lemma bounded_wrt_self_schwarz_inv:
  fixes A0 P :: "real mat"
  assumes A0: "A0 \<in> carrier_mat n n" and sym: "transpose_mat A0 = A0"
    and pd0: "\<And>v. v \<in> carrier_vec n \<Longrightarrow> v \<noteq> 0\<^sub>v n \<Longrightarrow> v \<bullet> (A0 *\<^sub>v v) > 0"
    and ext: "\<And>k. 1 \<le> k \<Longrightarrow> k \<le> Ns \<Longrightarrow> extension_mat n (ns k) (Is k)"
    and P: "P \<in> carrier_mat n nc"
    and P_rank: "\<And>x. x \<in> carrier_vec nc \<Longrightarrow> P *\<^sub>v x = 0\<^sub>v n \<Longrightarrow> x = 0\<^sub>v nc"
  shows "bounded_wrt n 1 (schwarz_inv n A0 P Ns Is) (schwarz_inv n A0 P Ns Is)"
proof -
  have psd: "psd_mat n A0" by (rule pos_def_imp_psd_mat[OF A0 pd0])
  have cs: "bounded_wrt n 1 A0 A0" by (rule psd_sym_bounded_self[OF A0 sym psd])
  have "coercive_bounded n 1 1 A0 A0"
    using A0 psd cs unfolding coercive_bounded_def coercive_wrt_def by simp
  hence "coercive_bounded n (1/1^2) (1/1) (schwarz_inv n A0 P Ns Is) (schwarz_inv n A0 P Ns Is)"
    by (rule coercive_bounded_schwarz_inv[OF _ cs pd0 _ _ ext P P_rank]) simp_all
  thus ?thesis unfolding coercive_bounded_def by simp
qed

theorem lemma3p2:
  fixes n nc Ns :: nat and ns :: "nat \<Rightarrow> nat"
    and A A0 P :: "real mat" and Is :: "nat \<Rightarrow> real mat"
    and c0 c1 \<gamma>0 \<gamma>1 :: real
  assumes A: "A \<in> carrier_mat n n"
    and A0: "A0 \<in> carrier_mat n n"
    and A0_sym: "transpose_mat A0 = A0"
    and A0_pd: "\<And>v. v \<in> carrier_vec n \<Longrightarrow> v \<noteq> 0\<^sub>v n \<Longrightarrow> v \<bullet> (A0 *\<^sub>v v) > 0"
    and c0: "c0 > 0" and c1: "c1 > 0"
    and coer: "\<And>v. v \<in> carrier_vec n \<Longrightarrow> v \<bullet> (A *\<^sub>v v) \<ge> c0 * (v \<bullet> (A0 *\<^sub>v v))"
    and bnd: "\<And>v w. v \<in> carrier_vec n \<Longrightarrow> w \<in> carrier_vec n \<Longrightarrow>
                w \<bullet> (A *\<^sub>v v) \<le> c1 * sqrt (v \<bullet> (A0 *\<^sub>v v)) * sqrt (w \<bullet> (A0 *\<^sub>v w))"
    and ext: "\<And>k. 1 \<le> k \<Longrightarrow> k \<le> Ns \<Longrightarrow> extension_mat n (ns k) (Is k)"
    and P: "P \<in> carrier_mat n nc"
    and P_rank: "\<And>x. x \<in> carrier_vec nc \<Longrightarrow> P *\<^sub>v x = 0\<^sub>v n \<Longrightarrow> x = 0\<^sub>v nc"
    and B_def: "invertible_mat (schwarz_inv n A P Ns Is)"
    and B0_def: "invertible_mat (schwarz_inv n A0 P Ns Is)"
    and g0: "\<gamma>0 > 0" and g1: "\<gamma>1 > 0"
    and spec: "\<And>v. v \<in> carrier_vec n \<Longrightarrow>
        \<gamma>0 * (v \<bullet> (minv (schwarz_inv n A0 P Ns Is) *\<^sub>v v)) \<le> v \<bullet> (A0 *\<^sub>v v) \<and>
        v \<bullet> (A0 *\<^sub>v v) \<le> \<gamma>1 * (v \<bullet> (minv (schwarz_inv n A0 P Ns Is) *\<^sub>v v))"
  shows "let B = minv (schwarz_inv n A P Ns Is);
             \<beta>0 = c0 ^ 3 / (c1\<^sup>2 * \<gamma>1); \<beta>1 = c1\<^sup>2 / (c0 * \<gamma>0) in
         (\<forall>BB \<in> {B, transpose_mat B}.
            (\<forall>v \<in> carrier_vec n. v \<bullet> (BB *\<^sub>v v) \<ge> \<beta>0 * (v \<bullet> (A0 *\<^sub>v v))) \<and>
            (\<forall>v \<in> carrier_vec n. \<forall>w \<in> carrier_vec n.
               w \<bullet> (BB *\<^sub>v v) \<le> \<beta>1 * sqrt (v \<bullet> (A0 *\<^sub>v v)) * sqrt (w \<bullet> (A0 *\<^sub>v w))))"
proof -
  define C where "C = schwarz_inv n A P Ns Is"
  define C0 where "C0 = schwarz_inv n A0 P Ns Is"
  have psd: "psd_mat n A0" by (rule pos_def_imp_psd_mat[OF A0 A0_pd])
  have cs: "bounded_wrt n 1 A0 A0" by (rule psd_sym_bounded_self[OF A0 A0_sym psd])
  have "coercive_bounded n c0 c1 A A0"
    using A A0 psd coer bnd unfolding coercive_bounded_def coercive_wrt_def bounded_wrt_def by simp
  from coercive_bounded_schwarz_inv[OF this cs A0_pd c0 c1 ext P P_rank]
  have cbC: "coercive_bounded n (c0/c1^2) (1/c0) C C0" unfolding C_def C0_def .
  have csC0: "bounded_wrt n 1 C0 C0"
    unfolding C0_def by (rule bounded_wrt_self_schwarz_inv[OF A0 A0_sym A0_pd ext P P_rank])
  have C: "C \<in> carrier_mat n n" and C0: "C0 \<in> carrier_mat n n"
    using cbC unfolding coercive_bounded_def by auto
  note B = minv_correct[OF C B_def[folded C_def]]
  note B0 = minv_correct[OF C0 B0_def[folded C0_def]]
  have "coercive_bounded n ((c0/c1^2) / (1/c0)^2) (1 / (c0/c1^2)) (minv C) (minv C0)"
    using coercive_bounded_inverse[OF cbC csC0] B B0 c0 c1 by simp
  from coercive_bounded_spectral_equiv[OF this A0 psd spec[folded C0_def] _ _ g0 g1]
  have cbB: "coercive_bounded n (c0 ^ 3 / (c1\<^sup>2 * \<gamma>1)) (c1\<^sup>2 / (c0 * \<gamma>0)) (minv C) A0"
    using c0 c1 by (simp add: field_simps power3_eq_cube power2_eq_square)
  have estimates: "(\<forall>v \<in> carrier_vec n. v \<bullet> (BB *\<^sub>v v) \<ge> \<beta>0 * (v \<bullet> (A0 *\<^sub>v v))) \<and>
      (\<forall>v \<in> carrier_vec n. \<forall>w \<in> carrier_vec n.
         w \<bullet> (BB *\<^sub>v v) \<le> \<beta>1 * sqrt (v \<bullet> (A0 *\<^sub>v v)) * sqrt (w \<bullet> (A0 *\<^sub>v w)))"
    if "coercive_bounded n \<beta>0 \<beta>1 BB A0" for \<beta>0 \<beta>1 BB
    using that unfolding coercive_bounded_def coercive_wrt_def bounded_wrt_def by blast
  show ?thesis unfolding Let_def C_def[symmetric]
    using estimates[OF cbB] estimates[OF coercive_bounded_transpose[OF cbB]] by blast
qed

[TASK STATEMENT]
Every record above needs to be restated exactly.

[ANSWER TO THIS EXERCISE]
lemma bounded_wrt_self_schwarz_inv:
  fixes A0 P :: "real mat"
  assumes A0: "A0 \<in> carrier_mat n n" and sym: "transpose_mat A0 = A0"
    and pd0: "\<And>v. v \<in> carrier_vec n \<Longrightarrow> v \<noteq> 0\<^sub>v n \<Longrightarrow> v \<bullet> (A0 *\<^sub>v v) > 0"
    and ext: "\<And>k. 1 \<le> k \<Longrightarrow> k \<le> Ns \<Longrightarrow> extension_mat n (ns k) (Is k)"
    and P: "P \<in> carrier_mat n nc"
    and P_rank: "\<And>x. x \<in> carrier_vec nc \<Longrightarrow> P *\<^sub>v x = 0\<^sub>v n \<Longrightarrow> x = 0\<^sub>v nc"
  shows "bounded_wrt n 1 (schwarz_inv n A0 P Ns Is) (schwarz_inv n A0 P Ns Is)"
proof -
  have psd: "psd_mat n A0" by (rule pos_def_imp_psd_mat[OF A0 pd0])
  have cs: "bounded_wrt n 1 A0 A0" by (rule psd_sym_bounded_self[OF A0 sym psd])
  have "coercive_bounded n 1 1 A0 A0"
    using A0 psd cs unfolding coercive_bounded_def coercive_wrt_def by simp
  hence "coercive_bounded n (1/1^2) (1/1) (schwarz_inv n A0 P Ns Is) (schwarz_inv n A0 P Ns Is)"
    by (rule coercive_bounded_schwarz_inv[OF _ cs pd0 _ _ ext P P_rank]) simp_all
  thus ?thesis unfolding coercive_bounded_def by simp
qed

theorem lemma3p2:
  fixes n nc Ns :: nat and ns :: "nat \<Rightarrow> nat"
    and A A0 P :: "real mat" and Is :: "nat \<Rightarrow> real mat"
    and c0 c1 \<gamma>0 \<gamma>1 :: real
  assumes A: "A \<in> carrier_mat n n"
    and A0: "A0 \<in> carrier_mat n n"
    and A0_sym: "transpose_mat A0 = A0"
    and A0_pd: "\<And>v. v \<in> carrier_vec n \<Longrightarrow> v \<noteq> 0\<^sub>v n \<Longrightarrow> v \<bullet> (A0 *\<^sub>v v) > 0"
    and c0: "c0 > 0" and c1: "c1 > 0"
    and coer: "\<And>v. v \<in> carrier_vec n \<Longrightarrow> v \<bullet> (A *\<^sub>v v) \<ge> c0 * (v \<bullet> (A0 *\<^sub>v v))"
    and bnd: "\<And>v w. v \<in> carrier_vec n \<Longrightarrow> w \<in> carrier_vec n \<Longrightarrow>
                w \<bullet> (A *\<^sub>v v) \<le> c1 * sqrt (v \<bullet> (A0 *\<^sub>v v)) * sqrt (w \<bullet> (A0 *\<^sub>v w))"
    and ext: "\<And>k. 1 \<le> k \<Longrightarrow> k \<le> Ns \<Longrightarrow> extension_mat n (ns k) (Is k)"
    and P: "P \<in> carrier_mat n nc"
    and P_rank: "\<And>x. x \<in> carrier_vec nc \<Longrightarrow> P *\<^sub>v x = 0\<^sub>v n \<Longrightarrow> x = 0\<^sub>v nc"
    and B_def: "invertible_mat (schwarz_inv n A P Ns Is)"
    and B0_def: "invertible_mat (schwarz_inv n A0 P Ns Is)"
    and g0: "\<gamma>0 > 0" and g1: "\<gamma>1 > 0"
    and spec: "\<And>v. v \<in> carrier_vec n \<Longrightarrow>
        \<gamma>0 * (v \<bullet> (minv (schwarz_inv n A0 P Ns Is) *\<^sub>v v)) \<le> v \<bullet> (A0 *\<^sub>v v) \<and>
        v \<bullet> (A0 *\<^sub>v v) \<le> \<gamma>1 * (v \<bullet> (minv (schwarz_inv n A0 P Ns Is) *\<^sub>v v))"
  shows "let B = minv (schwarz_inv n A P Ns Is);
             \<beta>0 = c0 ^ 3 / (c1\<^sup>2 * \<gamma>1); \<beta>1 = c1\<^sup>2 / (c0 * \<gamma>0) in
         (\<forall>BB \<in> {B, transpose_mat B}.
            (\<forall>v \<in> carrier_vec n. v \<bullet> (BB *\<^sub>v v) \<ge> \<beta>0 * (v \<bullet> (A0 *\<^sub>v v))) \<and>
            (\<forall>v \<in> carrier_vec n. \<forall>w \<in> carrier_vec n.
               w \<bullet> (BB *\<^sub>v v) \<le> \<beta>1 * sqrt (v \<bullet> (A0 *\<^sub>v v)) * sqrt (w \<bullet> (A0 *\<^sub>v w))))"
proof -
  define C where "C = schwarz_inv n A P Ns Is"
  define C0 where "C0 = schwarz_inv n A0 P Ns Is"
  have psd: "psd_mat n A0" by (rule pos_def_imp_psd_mat[OF A0 A0_pd])
  have cs: "bounded_wrt n 1 A0 A0" by (rule psd_sym_bounded_self[OF A0 A0_sym psd])
  have "coercive_bounded n c0 c1 A A0"
    using A A0 psd coer bnd unfolding coercive_bounded_def coercive_wrt_def bounded_wrt_def by simp
  from coercive_bounded_schwarz_inv[OF this cs A0_pd c0 c1 ext P P_rank]
  have cbC: "coercive_bounded n (c0/c1^2) (1/c0) C C0" unfolding C_def C0_def .
  have csC0: "bounded_wrt n 1 C0 C0"
    unfolding C0_def by (rule bounded_wrt_self_schwarz_inv[OF A0 A0_sym A0_pd ext P P_rank])
  have C: "C \<in> carrier_mat n n" and C0: "C0 \<in> carrier_mat n n"
    using cbC unfolding coercive_bounded_def by auto
  note B = minv_correct[OF C B_def[folded C_def]]
  note B0 = minv_correct[OF C0 B0_def[folded C0_def]]
  have "coercive_bounded n ((c0/c1^2) / (1/c0)^2) (1 / (c0/c1^2)) (minv C) (minv C0)"
    using coercive_bounded_inverse[OF cbC csC0] B B0 c0 c1 by simp
  from coercive_bounded_spectral_equiv[OF this A0 psd spec[folded C0_def] _ _ g0 g1]
  have cbB: "coercive_bounded n (c0 ^ 3 / (c1\<^sup>2 * \<gamma>1)) (c1\<^sup>2 / (c0 * \<gamma>0)) (minv C) A0"
    using c0 c1 by (simp add: field_simps power3_eq_cube power2_eq_square)
  have estimates: "(\<forall>v \<in> carrier_vec n. v \<bullet> (BB *\<^sub>v v) \<ge> \<beta>0 * (v \<bullet> (A0 *\<^sub>v v))) \<and>
      (\<forall>v \<in> carrier_vec n. \<forall>w \<in> carrier_vec n.
         w \<bullet> (BB *\<^sub>v v) \<le> \<beta>1 * sqrt (v \<bullet> (A0 *\<^sub>v v)) * sqrt (w \<bullet> (A0 *\<^sub>v w)))"
    if "coercive_bounded n \<beta>0 \<beta>1 BB A0" for \<beta>0 \<beta>1 BB
    using that unfolding coercive_bounded_def coercive_wrt_def bounded_wrt_def by blast
  show ?thesis unfolding Let_def C_def[symmetric]
    using estimates[OF cbB] estimates[OF coercive_bounded_transpose[OF cbB]] by blast
qed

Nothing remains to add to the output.